# PROBLEM REQUIREMENTS
Could you retype, exactly as written, every line from the top of the records through the line that contains "I0 N \<alpha>"?

=== SUPPLIED ENTRIES ===

theorem proposition4p4:
  fixes \<omega> :: real and F :: "real \<Rightarrow> real \<Rightarrow> real"
    and cm cp em ep \<alpha> S s \<theta> :: real and I0 :: "real set"
    and N \<kappa> K0 j n :: nat and M :: "nat \<Rightarrow> nat" and \<epsilon> :: "nat \<Rightarrow> real" and k :: int
  assumes "\<omega> \<notin> \<rat>"
    and "V_data \<omega> F cm cp em ep I0 N \<alpha> S \<kappa> K0 M \<epsilon> s"
    and "j \<ge> 1"
    and "\<theta> \<in> Omega \<omega> (critI \<omega> F cm cp em ep I0 M) (Kseq K0 \<kappa>) M j"
    and "n \<ge> 1"
    and "0 \<le> k"
    and "k \<le> int n - (2 * int (Kseq K0 \<kappa> (j - 1)) * int (M (j - 1)) - int (M (j - 1)) - 1)"
  shows "iidx (Kseq K0 \<kappa>) M k (int n) \<ge> pidx \<omega> (critI \<omega> F cm cp em ep I0 M) M \<theta> k (int n)"
proof -
  define K where "K = Kseq K0 \<kappa>"
  define I where "I = critI \<omega> F cm cp em ep I0 M"
  have K: "mono K" "\<And>l. K l \<ge> 1" and M: "strict_mono M"
    using V_data_sequences[OF assms(2)] unfolding K_def by auto
  define A where "A = {l. threshold K M l \<le> int n - k}"
  define B where "B = {p. \<exists>l::int. int (Mprev M p) \<le> l \<and>
      l \<le> min (int n) (int n - k + int (M p) + 1) \<and> \<theta> - of_int l * \<omega> \<in> I p}"
  have "B \<subseteq> A"
  proof
    fix p assume "p \<in> B"
    then obtain l :: int where l: "0 \<le> l" "l \<le> int n - k + int (M p) + 1" "\<theta> - of_int l * \<omega> \<in> I p"
      unfolding B_def by (auto dest: order_trans[OF of_nat_0_le_iff])
    show "p \<in> A"
    proof (cases "j \<le> p")
      case True
      with l assms(4) have "2 * int (K p) * int (M p) < l"
        unfolding K_def I_def by (intro Omega_avoids_critical_returns) auto
      with l(2) show ?thesis unfolding A_def threshold_def by simp
    next
      case False
      with K strict_mono_mono[OF M] have "threshold K M p \<le> threshold K M (j - 1)"
        by (intro threshold_mono) auto
      with assms(7) show ?thesis unfolding A_def threshold_def K_def by simp
    qed
  qed
  moreover have "finite A" unfolding A_def using M K(2) by (rule finite_threshold_below)
  ultimately have "max_m1 B \<le> max_m1 A" by (intro max_m1_mono)
  thus ?thesis unfolding iidx_def pidx_def A_def B_def threshold_def K_def I_def by (simp add: ac_simps)
qed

===

# SOLUTION TO THE EXERCISE
theorem proposition4p4:
  fixes \<omega> :: real and F :: "real \<Rightarrow> real \<Rightarrow> real"
    and cm cp em ep \<alpha> S s \<theta> :: real and I0 :: "real set"
    and N \<kappa> K0 j n :: nat and M :: "nat \<Rightarrow> nat" and \<epsilon> :: "nat \<Rightarrow> real" and k :: int
  assumes "\<omega> \<notin> \<rat>"
    and "V_data \<omega> F cm cp em ep I0 N \<alpha> S \<kappa> K0 M \<epsilon> s"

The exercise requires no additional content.